In contrast, machine learning (ML) provides a more dynamic process to combine data for the risk stratification of chest pain patients. Liu et al. showed that an ML-based scoring system employing the variables of HRV, vital signs, and ECG changes can accurately predict major adverse cardiac events in chest pain patients [1012]. In the ensemble-based scoring system (ESS) [10], support vector machine (SVM) was adopted as the individual classifier, and a hybrid sampling (under-sampling + over-sampling) technique was proposed to handle data imbalance and output combination in the decision ensemble. The over-sampling component uses a method named SMOTE [13] to generate artificial data samples. However, this process increases the computational burden. In this paper, we adopt a fast neural network training method, extreme learning machine (ELM) [14] as the individual classifier, and aim to improve predictive performance of the ESS framework while reducing the computational complexity.

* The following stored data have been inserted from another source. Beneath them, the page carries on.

lemma cons_nf_openers: "a \<in> openers \<Longrightarrow> set q \<subseteq> openers \<Longrightarrow> cons_nf M a (Some q) = Some (a # q)"
  by (cases q) (auto dest: opener_not_closer)

lemma cons_nf_pair:
  "a \<in> openers \<Longrightarrow> b \<in> closers M \<Longrightarrow>
     cons_nf M a (cons_nf M b X) = (if cancels a b then X else None)"
  by (cases X) (auto simp: cons_nf_closer)

lemma bind_cons_nf: "Option.bind (cons_nf M a (Some u)) (\<lambda>w. nf M (w @ v)) = nf M (a # u @ v)"
proof (cases u)
  case (Cons b u')
  show ?thesis
  proof (cases "a \<in> openers \<and> b \<in> closers M")
    case True
    then show ?thesis
      using Cons by (simp add: nf_Cons cons_nf_pair)
  next
    case False
    then have "cons_nf M a (Some (b # u')) = Some (a # b # u')"
      by auto
    then show ?thesis
      using Cons by (simp add: nf_Cons)
  qed
qed (simp add: nf_Cons)

lemma nf_append_nf: "nf M (u @ v) = Option.bind (nf M u) (\<lambda>u'. nf M (u' @ v))"
proof (induction u)
  case (Cons a u)
  show ?case
  proof (cases "nf M u")
    case (Some u')
    then show ?thesis
      using Cons bind_cons_nf[of M a u' v] by (simp add: nf_Cons)
  qed (use Cons in \<open>simp add: nf_Cons\<close>)
qed simp

lemma nf_nf: "nf M u = Some u' \<Longrightarrow> nf M u' = Some u'"
  using nf_append_nf[of M u "[]"] by simp

lemma nf_append_left: "nf M u = Some u' \<Longrightarrow> nf M (u @ v) = nf M (u' @ v)"
  using nf_append_nf[of M u v] by simp

lemma nf_append_right: "nf M v = Some v' \<Longrightarrow> nf M (u @ v) = nf M (u @ v')"
  by (simp add: nf_append nf_nf)

lemma nf_append_cong_right: "nf M v = nf M v' \<Longrightarrow> nf M (u @ v) = nf M (u @ v')"
  by (simp add: nf_append)

lemma nf_not_None_prefix: "nf M (u @ v) \<noteq> None \<Longrightarrow> nf M u \<noteq> None"
  using nf_append_nf[of M u v] by (cases "nf M u") auto

lemma nf_not_None_suffix: "nf M (u @ v) \<noteq> None \<Longrightarrow> nf M v \<noteq> None"
  by (cases "nf M v") (auto simp: nf_append)

lemma nf_not_None_infix: "nf M (u @ w @ v) \<noteq> None \<Longrightarrow> nf M w \<noteq> None"
  using nf_not_None_prefix nf_not_None_suffix by blast
(* Let $p$ be a probability density on $\mathbb{R}^d$, $\tau>0$, $y\in\mathbb{R}^d$, and consider the recursion $x_{k+1}=\alpha_k\,\mathrm{MMSE}_{\sigma_k}(x_k)+(1-\alpha_k)y$ with $\alpha_k=\frac{k+1}{k+2}$ and $\sigma_k^2=\frac{\tau}{k+1}$. Then for every $k\ge0$, $$x_{k+1}=x_k-\gamma_k\nabla F_{\sigma_k}(x_k),\qquad F_{\sigma_k}(x):=\tfrac12\|y-x\|^2-\tau\ln p_{\sigma_k}(x),\qquad \gamma_k=\frac{1}{k+2}.$$
   Context: For $\sigma>0$, $p_\sigma$ denotes the density of $X+\sigma\varepsilon$ where $X\sim p$ and $\varepsilon\sim\mathcal N(0,I_d)$ are independent; $p_\sigma$ is smooth and positive. $\mathrm{MMSE}_\sigma(z):=\mathbb{E}[X\mid X+\sigma\varepsilon=z]$. *)

theory Defs
  imports "HOL-Analysis.Analysis"
begin

definition gauss_density :: "real \<Rightarrow> 'a::euclidean_space \<Rightarrow> real" where
  "gauss_density \<sigma> u =
     (2 * pi * \<sigma>\<^sup>2) powr (- real DIM('a) / 2) * exp (- (norm u)\<^sup>2 / (2 * \<sigma>\<^sup>2))"

definition prob_density :: "('a::euclidean_space \<Rightarrow> real) \<Rightarrow> bool" where
  "prob_density p \<longleftrightarrow> p \<in> borel_measurable lborel \<and> (\<forall>x. 0 \<le> p x)
      \<and> integrable lborel p \<and> (\<integral>x. p x \<partial>lborel) = 1"

text \<open>p_sigma: density of X + sigma*eps, X ~ p, eps ~ N(0,I) independent (convolution).\<close>
definition smoothed_density :: "('a::euclidean_space \<Rightarrow> real) \<Rightarrow> real \<Rightarrow> 'a \<Rightarrow> real" where
  "smoothed_density p \<sigma> z = (\<integral>x. p x * gauss_density \<sigma> (z - x) \<partial>lborel)"

text \<open>MMSE_sigma(z) = E[X | X + sigma*eps = z], given pointwise by Bayes' formula
  (the posterior density of X given X + sigma*eps = z is p(x) phi_sigma(z-x) / p_sigma(z)).\<close>
definition MMSE :: "('a::euclidean_space \<Rightarrow> real) \<Rightarrow> real \<Rightarrow> 'a \<Rightarrow> 'a" where
  "MMSE p \<sigma> z = (\<integral>x. (p x * gauss_density \<sigma> (z - x) / smoothed_density p \<sigma> z) *\<^sub>R x \<partial>lborel)"

definition grad :: "('a::euclidean_space \<Rightarrow> real) \<Rightarrow> 'a \<Rightarrow> 'a" where
  "grad f x = (THE g. (f has_derivative (\<lambda>h. g \<bullet> h)) (at x))"

end

theory Submission
  imports Defs
begin

text \<open>Differentiating under the integral sign, which is justified by a uniform second-order
  Taylor bound on the Gaussian kernel, gives Tweedie's formula
  \<open>\<nabla> ln p\<^sub>\<sigma>(z) = (MMSE\<^sub>\<sigma>(z) - z) / \<sigma>\<^sup>2\<close>. Hence
  \<open>\<nabla>F\<^sub>\<sigma>(x) = (x - y) - (\<tau> / \<sigma>\<^sup>2) (MMSE\<^sub>\<sigma>(x) - x)\<close>, and since
  \<open>\<tau> / \<sigma>\<^sub>k\<^sup>2 = k + 1\<close>, the gradient step with \<open>\<gamma>\<^sub>k = 1 / (k + 2)\<close> is exactly the convex
  combination \<open>\<alpha>\<^sub>k MMSE\<^sub>\<sigma>\<^sub>k(x\<^sub>k) + (1 - \<alpha>\<^sub>k) y\<close>.\<close>

lemma mult_exp_neg_le_one:
  fixes u :: real
  assumes "0 \<le> u"
  shows "u * exp (- u) \<le> 1"
proof -
  have "u \<le> exp u"
    using exp_ge_add_one_self[of u] by linarith
  then show ?thesis
    by (simp add: exp_minus field_simps)
qed

lemma exp_neg_norm_sq_second_derivative_bound:
  fixes v h :: "'a::real_inner" and \<beta> :: real
  assumes "0 < \<beta>"
  shows "\<bar>(4 * \<beta>\<^sup>2 * (v \<bullet> h)\<^sup>2 - 2 * \<beta> * (norm h)\<^sup>2) * exp (- \<beta> * (norm v)\<^sup>2)\<bar>
           \<le> 6 * \<beta> * (norm h)\<^sup>2"
proof -
  define e where "e = exp (- \<beta> * (norm v)\<^sup>2)"
  have e: "0 < e" "e \<le> 1"
    using assms by (auto simp: e_def)
  have "(v \<bullet> h)\<^sup>2 \<le> (norm v)\<^sup>2 * (norm h)\<^sup>2"
    by (metis Cauchy_Schwarz_ineq2 abs_ge_zero power2_abs power_mono power_mult_distrib)
  then have "4 * \<beta>\<^sup>2 * (v \<bullet> h)\<^sup>2 * e \<le> 4 * \<beta>\<^sup>2 * ((norm v)\<^sup>2 * (norm h)\<^sup>2) * e"
    using e by (intro mult_right_mono mult_left_mono) auto
  also have "\<dots> = 4 * \<beta> * (norm h)\<^sup>2 * (\<beta> * (norm v)\<^sup>2 * e)"
    by (simp add: power2_eq_square)
  also have "\<dots> \<le> 4 * \<beta> * (norm h)\<^sup>2"
    using mult_exp_neg_le_one[of "\<beta> * (norm v)\<^sup>2"] assms
    by (intro mult_left_le) (auto simp: e_def)
  finally have "4 * \<beta>\<^sup>2 * (v \<bullet> h)\<^sup>2 * e \<le> 4 * \<beta> * (norm h)\<^sup>2" .
  moreover have "2 * \<beta> * (norm h)\<^sup>2 * e \<le> 2 * \<beta> * (norm h)\<^sup>2"
    using e assms by (intro mult_left_le) auto
  moreover have "0 \<le> 4 * \<beta>\<^sup>2 * (v \<bullet> h)\<^sup>2 * e" "0 \<le> 2 * \<beta> * (norm h)\<^sup>2 * e"
    using e assms by auto
  ultimately show ?thesis
    unfolding e_def[symmetric] left_diff_distrib abs_le_iff by linarith
qed
lemma arc_walk:
  assumes "r < N" "m + 1 < N"
  shows "arc (arc_walk N \<gamma> r m) \<and> pathstart (arc_walk N \<gamma> r m) = Q r \<and>
         pathfinish (arc_walk N \<gamma> r m) = Q ((r + m + 1) mod N) \<and>
         path_image (arc_walk N \<gamma> r m) = (\<Union>t\<in>{..m}. path_image (\<gamma> ((r + t) mod N)))"
  using assms
proof (induction m arbitrary: r)
  case 0
  then show ?case using arc start finish by simp
next
  case (Suc m)
  define r' where "r' = Suc r mod N"
  have IH: "arc (arc_walk N \<gamma> r' m) \<and> pathstart (arc_walk N \<gamma> r' m) = Q r' \<and>
         pathfinish (arc_walk N \<gamma> r' m) = Q ((r' + m + 1) mod N) \<and>
         path_image (arc_walk N \<gamma> r' m) = (\<Union>t\<in>{..m}. path_image (\<gamma> ((r' + t) mod N)))"
    using Suc r'_def by simp
  have shift: "(r' + t) mod N = (r + Suc t) mod N" for t
    unfolding r'_def by (simp add: mod_add_left_eq)
  have img: "path_image (arc_walk N \<gamma> r (Suc m)) = (\<Union>t\<in>{..Suc m}. path_image (\<gamma> ((r + t) mod N)))"
  proof -
    have "path_image (arc_walk N \<gamma> r (Suc m)) = path_image (\<gamma> r) \<union> path_image (arc_walk N \<gamma> r' m)"
      using IH Suc.prems finish by (simp add: path_image_join r'_def)
    also have "\<dots> = path_image (\<gamma> ((r + 0) mod N)) \<union> (\<Union>t\<in>{..m}. path_image (\<gamma> ((r + Suc t) mod N)))"
      using IH Suc.prems by (simp add: shift)
    also have "\<dots> = (\<Union>t\<in>{..Suc m}. path_image (\<gamma> ((r + t) mod N)))"
      by (auto simp: atMost_Suc_eq_insert_0)
    finally show ?thesis .
  qed
  have "path_image (\<gamma> r) \<inter> path_image (\<gamma> ((r + Suc t) mod N)) \<subseteq> {Q r'}" if "t \<le> m" for t
  proof -
    define e where "e = (r + Suc t) mod N"
    have "Suc e mod N = (r + Suc (Suc t)) mod N" unfolding e_def by (simp add: mod_Suc_eq)
    then have ne: "e \<noteq> r" "Suc e mod N \<noteq> r"
      unfolding e_def using Suc.prems that mod_add_neq[of r N "Suc t"] mod_add_neq[of r N "Suc (Suc t)"]
      by auto
    then have "{r, Suc r mod N} \<inter> {e, Suc e mod N} \<subseteq> {r'}" using r'_def by auto
    moreover have "e < N" using Suc.prems e_def by simp
    ultimately show ?thesis using arcs_Int[OF Suc.prems(1), of e] ne e_def by blast
  qed
  then have "path_image (\<gamma> r) \<inter> path_image (arc_walk N \<gamma> r' m) \<subseteq> {pathstart (arc_walk N \<gamma> r' m)}"
    using IH by (auto simp: shift)
  then have "arc (arc_walk N \<gamma> r (Suc m))"
    using arc_join[of "\<gamma> r" "arc_walk N \<gamma> r' m"] IH arc finish Suc.prems by (simp add: r'_def)
  moreover have "(r' + m + 1) mod N = (r + Suc m + 1) mod N" using shift[of "m + 1"] by simp
  ultimately show ?case
    using img IH start Suc.prems by (simp add: r'_def[symmetric])
qed

lemma cycle_split_at_corners:
  assumes ab: "a < b" "b < N"
  obtains c1 c2 where "arc c1" "pathstart c1 = Q a" "pathfinish c1 = Q b"
    "arc c2" "pathstart c2 = Q a" "pathfinish c2 = Q b"
    "path_image c1 = (\<Union>e\<in>{a..<b}. path_image (\<gamma> e))"
    "path_image c2 = (\<Union>e\<in>{e. e < N \<and> (b \<le> e \<or> e < a)}. path_image (\<gamma> e))"
    "path_image c1 \<inter> path_image c2 = {Q a, Q b}"
proof -
  define c1 where "c1 = arc_walk N \<gamma> a (b - a - 1)"
  define c2 where "c2 = reversepath (arc_walk N \<gamma> b (N - b + a - 1))"
  define E1 where "E1 = {a..<b}"
  define E2 where "E2 = {e. e < N \<and> (b \<le> e \<or> e < a)}"
  have "E1 = (\<lambda>t. (a + t) mod N) ` {..b - a - 1}"
    unfolding E1_def using ab by (intro image_mod_shift_no_wrap[symmetric]) auto
  then have "(\<Union>t\<in>{..b - a - 1}. path_image (\<gamma> ((a + t) mod N))) = (\<Union>e\<in>E1. path_image (\<gamma> e))"
    by (simp only: image_image)
  moreover have "arc c1 \<and> pathstart c1 = Q a \<and> pathfinish c1 = Q b \<and>
      path_image c1 = (\<Union>t\<in>{..b - a - 1}. path_image (\<gamma> ((a + t) mod N)))"
    using arc_walk[of a "b - a - 1"] ab unfolding c1_def by auto
  ultimately have w1: "arc c1" "pathstart c1 = Q a" "pathfinish c1 = Q b"
    "path_image c1 = (\<Union>e\<in>E1. path_image (\<gamma> e))" by auto
  have "E2 = (\<lambda>t. (b + t) mod N) ` {..N - b + a - 1}"
    unfolding E2_def using ab by (intro image_mod_shift_wrap[symmetric]) auto
  then have "(\<Union>t\<in>{..N - b + a - 1}. path_image (\<gamma> ((b + t) mod N))) = (\<Union>e\<in>E2. path_image (\<gamma> e))"
    by (simp only: image_image)
  moreover have "arc c2 \<and> pathstart c2 = Q a \<and> pathfinish c2 = Q b \<and>
      path_image c2 = (\<Union>t\<in>{..N - b + a - 1}. path_image (\<gamma> ((b + t) mod N)))"
    using arc_walk[of b "N - b + a - 1"] ab unfolding c2_def by (auto simp: arc_reversepath)
  ultimately have w2: "arc c2" "pathstart c2 = Q a" "pathfinish c2 = Q b"
    "path_image c2 = (\<Union>e\<in>E2. path_image (\<gamma> e))" by auto
  have ends_on: "Q a \<in> path_image c1" "Q b \<in> path_image c1" "Q a \<in> path_image c2" "Q b \<in> path_image c2"
    using w1 w2 by (metis pathstart_in_path_image pathfinish_in_path_image)+
  have c1_c2: "path_image c1 \<inter> path_image c2 = {Q a, Q b}"
  proof
    show "path_image c1 \<inter> path_image c2 \<subseteq> {Q a, Q b}"
    proof
      fix x assume "x \<in> path_image c1 \<inter> path_image c2"
      then obtain e1 e2 where e: "e1 \<in> E1" "e2 \<in> E2" "x \<in> path_image (\<gamma> e1)" "x \<in> path_image (\<gamma> e2)"
        unfolding w1(4) w2(4) by blast
      then have "e1 \<noteq> e2" "e1 < N" "e2 < N" using ab unfolding E1_def E2_def by auto
      then obtain y where "y \<in> {e1, Suc e1 mod N} \<inter> {e2, Suc e2 mod N}" "x = Q y"
        using arcs_Int[of e1 e2] e by blast
      then show "x \<in> {Q a, Q b}"
        using common_corner_of_sides[of a b N e1 e2 y] e ab unfolding E1_def E2_def by auto
    qed
  qed (use ends_on in auto)
  show thesis
    using w1(4) w2(4) c1_c2 unfolding E1_def E2_def by (rule that[OF w1(1-3) w2(1-3)])
qed

text \<open>Two disjoint chords lying on the same side of the cycle cannot have interleaving ends:
  the corners Q a, Q b of the first chord cut the cycle into two arcs forming a theta curve with
  it, and the second chord would connect interior points of both arcs without meeting the first.\<close>

lemma no_interleaving_chords:
  defines "C \<equiv> \<Union>r<N. path_image (\<gamma> r)"
  assumes abkl: "a < k" "k < b" "b < l" "l < N"
    and g: "arc g" "pathstart g = Q a" "pathfinish g = Q b" "path_image g \<inter> C \<subseteq> {Q a, Q b}"
    and h: "arc h" "Q k \<in> path_image h" "Q l \<in> path_image h"
    and disjoint: "path_image g \<inter> path_image h = {}"
    and same_side: "(open_arc g \<subseteq> inside C \<and> open_arc h \<subseteq> inside C) \<or>
      (open_arc g \<subseteq> outside C \<and> open_arc h \<subseteq> outside C)"
  shows False
proof -
  have "a < b" "b < N" using abkl by simp_all
  then obtain c1 c2 where w1: "arc c1" "pathstart c1 = Q a" "pathfinish c1 = Q b"
    and w2: "arc c2" "pathstart c2 = Q a" "pathfinish c2 = Q b"
    and img1: "path_image c1 = (\<Union>e\<in>{a..<b}. path_image (\<gamma> e))"
    and img2: "path_image c2 = (\<Union>e\<in>{e. e < N \<and> (b \<le> e \<or> e < a)}. path_image (\<gamma> e))"
    and c1_c2: "path_image c1 \<inter> path_image c2 = {Q a, Q b}"
    by (rule cycle_split_at_corners)
  have Q_ne: "Q x \<noteq> Q y" if "x < N" "y < N" "x \<noteq> y" for x y
    using inj_Q that by (auto dest: inj_onD)
  have Q_ab: "Q a \<noteq> Q b" "Q k \<notin> {Q a, Q b}" "Q l \<notin> {Q a, Q b}"
    using Q_ne[of a b] Q_ne[of k a] Q_ne[of k b] Q_ne[of l a] Q_ne[of l b] abkl by auto
  have "{..<N} = {a..<b} \<union> {e. e < N \<and> (b \<le> e \<or> e < a)}" using abkl by auto
  then have C_eq: "C = path_image c1 \<union> path_image c2" unfolding C_def img1 img2 by blast
  have ends_on: "Q a \<in> path_image c1" "Q b \<in> path_image c1" "Q a \<in> path_image c2" "Q b \<in> path_image c2"
    using w1 w2 by (metis pathstart_in_path_image pathfinish_in_path_image)+
  have c_g: "path_image c1 \<inter> path_image g = {Q a, Q b}" "path_image c2 \<inter> path_image g = {Q a, Q b}"
    using g(4) ends_on g(2,3) pathstart_in_path_image[of g] pathfinish_in_path_image[of g]
    unfolding C_eq by auto
  interpret theta_curve c1 c2 g "Q a" "Q b"
    using w1 w2 g Q_ab c1_c2 c_g by unfold_locales auto
  have on_sides: "Q k \<in> path_image c1" "Q l \<in> path_image c2"
    using abkl start[of k] start[of l] pathstart_in_path_image[of "\<gamma> k"] pathstart_in_path_image[of "\<gamma> l"]
    unfolding img1 img2 by auto
  have T: "connected (open_arc h)" "open_arc h \<inter> path_image g = {}"
    using connected_open_arc[OF h(1)] disjoint open_arc_subset_path_image by auto
  have cl: "Q k \<in> closure (open_arc h)" "Q l \<in> closure (open_arc h)"
    using path_image_subset_closure_open_arc[OF h(1)] h by auto
  from same_side show False
    unfolding C_eq
    using inside_chord_separates[OF _ T(1) _ T(2) cl(1) on_sides(1) Q_ab(2) cl(2) on_sides(2) Q_ab(3)]
      outside_chord_separates[OF _ T(1) _ T(2) cl(1) on_sides(1) Q_ab(2) cl(2) on_sides(2) Q_ab(3)]
    by blast
qed

end

section \<open>Orientation and the exploding double chain\<close>

definition orient :: "complex \<Rightarrow> complex \<Rightarrow> complex \<Rightarrow> real" where
  "orient a b c = Re (b - a) * Im (c - a) - Im (b - a) * Re (c - a)"

lemma orient_swap: "orient a b c = - orient a c b"
  by (simp add: orient_def algebra_simps)

lemma orient_rotate: "orient a b c = orient b c a"
  by (simp add: orient_def algebra_simps)

lemma orient_convex_combination:
  "orient a b ((1 - u) *\<^sub>R c + u *\<^sub>R d) = (1 - u) * orient a b c + u * orient a b d"
  by (simp add: orient_def algebra_simps)

lemma orient_closed_segment:
  assumes "x \<in> closed_segment a b"
  shows "orient a b x = 0"
proof -
  obtain u where x: "x = (1 - u) *\<^sub>R a + u *\<^sub>R b" using assms by (auto simp: in_segment)
  show ?thesis unfolding x by (simp add: orient_def algebra_simps)
qed

lemma Re_closed_segment_bounds:
  assumes "x \<in> closed_segment a b" "Re a \<le> Re b"
  shows "Re a \<le> Re x \<and> Re x \<le> Re b"
proof -
  obtain u where u: "0 \<le> u" "u \<le> 1" "x = (1 - u) *\<^sub>R a + u *\<^sub>R b"
    using assms(1) by (auto simp: in_segment)
  have "Re x = Re a + u * (Re b - Re a)" unfolding u(3) by (simp add: algebra_simps)
  moreover have "0 \<le> u * (Re b - Re a)" "u * (Re b - Re a) \<le> Re b - Re a"
    using u assms(2) by (simp_all add: mult_left_le_one_le)
  ultimately show ?thesis by linarith
qed

lemma closed_segments_disjoint_same_side:
  assumes "0 < orient a b c * t" "0 < orient a b d * t"
  shows "closed_segment a b \<inter> closed_segment c d = {}"
proof -
  have "0 < orient a b ((1 - u) *\<^sub>R c + u *\<^sub>R d) * t" if u: "0 \<le> u" "u \<le> 1" for u
  proof (cases "u = 0")
    case False
    then have "0 < u * (orient a b d * t)" using u assms by simp
    moreover have "0 \<le> (1 - u) * (orient a b c * t)" using u assms by simp
    ultimately show ?thesis
      unfolding orient_convex_combination by (simp add: algebra_simps)
  qed (use assms in simp)
  then have "0 < orient a b x * t" if "x \<in> closed_segment c d" for x
    using that by (auto simp: in_segment)
  then show ?thesis using orient_closed_segment by force
qed

lemma closed_segments_common_end:
  assumes "orient a b c \<noteq> 0"
  shows "closed_segment a c \<inter> closed_segment b c \<subseteq> {c}"
proof
  fix x assume "x \<in> closed_segment a c \<inter> closed_segment b c"
  then obtain u v where u: "0 \<le> u" "x = (1 - u) *\<^sub>R c + u *\<^sub>R a"
    and v: "x = (1 - v) *\<^sub>R c + v *\<^sub>R b"
    by (auto simp: in_segment closed_segment_commute[of _ c])
  then have eq: "u *\<^sub>R (a - c) = v *\<^sub>R (b - c)" by (simp add: algebra_simps)
  have h: "u * Re (a - c) = v * Re (b - c)" "u * Im (a - c) = v * Im (b - c)"
    using arg_cong[OF eq, of Re] arg_cong[OF eq, of Im] by simp_all
  have "u * orient a b c = (u * Re (a - c)) * Im (b - c) - (u * Im (a - c)) * Re (b - c)"
    by (simp add: orient_def algebra_simps)
  also have "\<dots> = (v * Re (b - c)) * Im (b - c) - (v * Im (b - c)) * Re (b - c)"
    unfolding h ..
  also have "\<dots> = 0" by (simp add: algebra_simps)
  finally have "u * orient a b c = 0" .
  then show "x \<in> {c}" using assms u by simp
qed

lemma exploding_chain_orient:
  assumes "exploding_double_chain y" "3 \<le> m"
    and "a \<in> Hset y (m - 1)" "b \<in> Hset y (m - 1)" "Re a < Re b"
  shows "0 < orient a b (pt y m)" "orient a b (qt y m) < 0"
proof -
  define D where "D = Re b - Re a"
  define L where "L = Im a + (Im b - Im a) * (real m - Re a) / D"
  have "m - 1 \<ge> 2" using assms(2) by simp
  then have "\<bar>Im a + (Im b - Im a) * (real (Suc (m - 1)) - Re a) / (Re b - Re a)\<bar> < y (Suc (m - 1))"
    using assms(1,3-5) unfolding exploding_double_chain_def by force
  moreover have "Suc (m - 1) = m" using assms(2) by simp
  ultimately have "\<bar>L\<bar> < y m" by (simp add: L_def D_def)
  moreover have "D > 0" using assms(5) by (simp add: D_def)
  moreover have "orient a b (pt y m) = D * (y m - L)" "orient a b (qt y m) = D * (- y m - L)"
    using \<open>D > 0\<close> by (simp_all add: orient_def pt_def qt_def L_def D_def field_simps)
  ultimately show "0 < orient a b (pt y m)" "orient a b (qt y m) < 0"
    by (simp_all add: mult_pos_neg abs_less_iff)
qed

In recent years, ELM has attracted numerous attentions and many ELM variants and extensions have been developed. For example, there are pruned ELM algorithms [15, 16], evolutionary ELM [17], sparse Bayesian ELM [18], and ensemble based ELM [19, 20]. ELM has also been extended to handle imbalanced data [2123]. Furthermore, there are studies combining fuzzy logic with ELM for performance improvement [24, 25]. Other than algorithmic extensions, ELM methods have been widely implemented in applications such as medical decision making [2628], image processing [29, 30], bioinformatics [31, 32], and industrial applications [33, 34].

Given the simplicity and flexibility in extension that ELM has, we aim to investigate the feasibility of combining ESS and ELM in a sophisticated process to facilitate predictive modeling and decision making. The reminder of this paper is organized as follows. The “Clinical Setting and Predictive Variables” section presents the study design, data collection, and selected predictive variables for model building. The “Prediction of Adverse Cardiac Events” section describes a novel ensemble-based framework with extreme learning machine for the prediction of major adverse cardiac events. The “Results” section presents the performance evaluation and “Conclusion” section draws the conclusions.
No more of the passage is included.